PROVIDED RECORDS Block Start
lemma above_lower_bounds_envD:
  assumes "above_lower_bounds le_env \<sigma> \<rho>1 \<rho>2 \<rho>q"
    and "le_val d (\<sigma> x)" "le_val d (\<rho>1 x)" "le_val d (\<rho>2 x)"
  shows "le_val d (\<rho>q x)"
proof -
  let ?\<rho>d = "(\<lambda>_. VHole)(x := d)"
  have "le_env ?\<rho>d \<sigma>" "le_env ?\<rho>d \<rho>1" "le_env ?\<rho>d \<rho>2"
    using assms(2-4) by (auto simp: le_env_def intro: le_val.intros)
  with assms(1) have "le_env ?\<rho>d \<rho>q" by (simp add: above_lower_bounds_def)
  then show ?thesis by (simp add: le_env_def split: if_splits)
qed

lemma above_lower_bounds_unary_exp:
  assumes K_inj: "inj K" and le_K_left: "\<And>x y. le_exp (K x) y \<longleftrightarrow> (\<exists>y0. y = K y0 \<and> le_exp x y0)"
    and meet: "above_lower_bounds le_exp (K e) (K a) (K b) c"
  obtains c0 where "c = K c0" "above_lower_bounds le_exp e a b c0"
proof -
  have le_K: "le_exp (K x) (K y) \<longleftrightarrow> le_exp x y" for x y
    using le_K_left injD[OF K_inj] by blast
  have "le_exp (K EHole) c"
    using meet le_K by (auto simp: above_lower_bounds_def intro: le_exp.intros)
  then obtain c0 where "c = K c0" using le_K_left by blast
  moreover from meet have "above_lower_bounds le_exp e a b c0"
    unfolding above_lower_bounds_def \<open>c = K c0\<close> by (metis le_K)
  ultimately show thesis by (rule that)
qed

lemma above_lower_bounds_EPair:
  assumes meet: "above_lower_bounds le_exp (EPair e1 e2) (EPair a1 a2) (EPair b1 b2) c"
  obtains c1 c2 where "c = EPair c1 c2"
    "above_lower_bounds le_exp e1 a1 b1 c1" "above_lower_bounds le_exp e2 a2 b2 c2"
proof -
  have hole: "le_exp EHole x" for x :: "('a, 'b) exp" by (rule le_exp.intros)
  have "le_exp (EPair EHole EHole) c"
    using meet by (auto simp: above_lower_bounds_def intro: le_exp.intros)
  then obtain c1 c2 where c: "c = EPair c1 c2" by (auto simp: le_exp_EPair_left)
  have "le_exp (EPair d1 d2) (EPair c1 c2)"
    if "le_exp d1 e1" "le_exp d1 a1" "le_exp d1 b1" "le_exp d2 e2" "le_exp d2 a2" "le_exp d2 b2" for d1 d2
    using meet that unfolding above_lower_bounds_def c by (blast intro: le_exp.intros)
  with hole have "above_lower_bounds le_exp e1 a1 b1 c1" "above_lower_bounds le_exp e2 a2 b2 c2"
    unfolding above_lower_bounds_def by (fastforce simp: le_exp_EPair_left)+
  with c show thesis by (rule that)
qed

lemma fwd_slice_EHole_le_val: "fwd_slice \<rho> EHole u \<Longrightarrow> le_val d u \<Longrightarrow> d = VHole"
  by (simp add: fwd_slice_EHole le_val_VHole_right)

text \<open>(\<rho>q, c) plays the meet of (\<rho>1, a) and (\<rho>2, b) among the prefixes of (\<sigma>, e),
  where e is a subterm of the evaluated expression and v its value.\<close>
definition fwd_slice_preserves_glb ::
    "('x, 'm::order) env \<Rightarrow> ('x, 'm) env \<Rightarrow> ('x, 'm) env \<Rightarrow> ('x, 'm) exp \<Rightarrow> ('x, 'm) val \<Rightarrow> bool" where
  "fwd_slice_preserves_glb \<rho>1 \<rho>2 \<rho>q e v \<longleftrightarrow>
    (\<forall>a b c u1 u2 u3 d. le_exp a e \<longrightarrow> le_exp b e \<longrightarrow> above_lower_bounds le_exp e a b c \<longrightarrow>
      fwd_slice \<rho>1 a u1 \<longrightarrow> fwd_slice \<rho>2 b u2 \<longrightarrow> fwd_slice \<rho>q c u3 \<longrightarrow>
      le_val d v \<longrightarrow> le_val d u1 \<longrightarrow> le_val d u2 \<longrightarrow> le_val d u3)"

lemma fwd_slice_preserves_glbI:
  assumes "\<And>a b c u1 u2 u3 d. le_exp a e \<Longrightarrow> le_exp b e \<Longrightarrow> above_lower_bounds le_exp e a b c \<Longrightarrow>
      fwd_slice \<rho>1 a u1 \<Longrightarrow> fwd_slice \<rho>2 b u2 \<Longrightarrow> fwd_slice \<rho>q c u3 \<Longrightarrow>
      d \<noteq> VHole \<Longrightarrow> le_val d v \<Longrightarrow> le_val d u1 \<Longrightarrow> le_val d u2 \<Longrightarrow> le_val d u3"
  shows "fwd_slice_preserves_glb \<rho>1 \<rho>2 \<rho>q e v"
  unfolding fwd_slice_preserves_glb_def by (metis assms le_val.intros(1))

lemma fwd_slice_preserves_glbD:
  "fwd_slice_preserves_glb \<rho>1 \<rho>2 \<rho>q e v \<Longrightarrow>
    le_exp a e \<Longrightarrow> le_exp b e \<Longrightarrow> above_lower_bounds le_exp e a b c \<Longrightarrow>
    fwd_slice \<rho>1 a u1 \<Longrightarrow> fwd_slice \<rho>2 b u2 \<Longrightarrow> fwd_slice \<rho>q c u3 \<Longrightarrow>
    le_val d v \<Longrightarrow> le_val d u1 \<Longrightarrow> le_val d u2 \<Longrightarrow> le_val d u3"
  unfolding fwd_slice_preserves_glb_def by blast

lemma fwd_slice_preserves_glb_EVar:
  assumes env: "above_lower_bounds le_env \<sigma> \<rho>1 \<rho>2 \<rho>q"
  shows "fwd_slice_preserves_glb \<rho>1 \<rho>2 \<rho>q (EVar x) (\<sigma> x)"
proof (rule fwd_slice_preserves_glbI, goal_cases)
  case (1 a b c u1 u2 u3 d)
  then have ab: "a = EVar x" "b = EVar x"
    by (auto simp: le_exp_EVar_right dest: fwd_slice_EHole_le_val)
  with 1 have "c = EVar x"
    by (auto simp: above_lower_bounds_def le_exp_EVar_left intro: le_exp.intros)
  with ab 1 show ?case by (auto simp: fwd_slice_EVar intro: above_lower_bounds_envD[OF env])
qed

lemma fwd_slice_preserves_glb_EUnit: "fwd_slice_preserves_glb \<rho>1 \<rho>2 \<rho>q EUnit VUnit"
proof (rule fwd_slice_preserves_glbI, goal_cases)
  case (1 a b c u1 u2 u3 d)
  then have "a = EUnit" "b = EUnit"
    by (auto simp: le_exp_EUnit_right dest: fwd_slice_EHole_le_val)
  with 1 have "c = EUnit"
    by (auto simp: above_lower_bounds_def le_exp_EUnit_left intro: le_exp.intros)
  with 1 show ?case by (simp add: fwd_slice_EUnit)
qed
PROVIDED RECORDS Block End
*TASK*:
Please print, unchanged, the lines from the one holding "unfolding fwd_slice_preserves_glb_def by (metis" through the last line of the listing above, including both and omitting the rest.

*REPLY TO THE EXERCISE*:
  unfolding fwd_slice_preserves_glb_def by (metis assms le_val.intros(1))

lemma fwd_slice_preserves_glbD:
  "fwd_slice_preserves_glb \<rho>1 \<rho>2 \<rho>q e v \<Longrightarrow>
    le_exp a e \<Longrightarrow> le_exp b e \<Longrightarrow> above_lower_bounds le_exp e a b c \<Longrightarrow>
    fwd_slice \<rho>1 a u1 \<Longrightarrow> fwd_slice \<rho>2 b u2 \<Longrightarrow> fwd_slice \<rho>q c u3 \<Longrightarrow>
    le_val d v \<Longrightarrow> le_val d u1 \<Longrightarrow> le_val d u2 \<Longrightarrow> le_val d u3"
  unfolding fwd_slice_preserves_glb_def by blast

lemma fwd_slice_preserves_glb_EVar:
  assumes env: "above_lower_bounds le_env \<sigma> \<rho>1 \<rho>2 \<rho>q"
  shows "fwd_slice_preserves_glb \<rho>1 \<rho>2 \<rho>q (EVar x) (\<sigma> x)"
proof (rule fwd_slice_preserves_glbI, goal_cases)
  case (1 a b c u1 u2 u3 d)
  then have ab: "a = EVar x" "b = EVar x"
    by (auto simp: le_exp_EVar_right dest: fwd_slice_EHole_le_val)
  with 1 have "c = EVar x"
    by (auto simp: above_lower_bounds_def le_exp_EVar_left intro: le_exp.intros)
  with ab 1 show ?case by (auto simp: fwd_slice_EVar intro: above_lower_bounds_envD[OF env])
qed

lemma fwd_slice_preserves_glb_EUnit: "fwd_slice_preserves_glb \<rho>1 \<rho>2 \<rho>q EUnit VUnit"
proof (rule fwd_slice_preserves_glbI, goal_cases)
  case (1 a b c u1 u2 u3 d)
  then have "a = EUnit" "b = EUnit"
    by (auto simp: le_exp_EUnit_right dest: fwd_slice_EHole_le_val)
  with 1 have "c = EUnit"
    by (auto simp: above_lower_bounds_def le_exp_EUnit_left intro: le_exp.intros)
  with 1 show ?case by (simp add: fwd_slice_EUnit)
qed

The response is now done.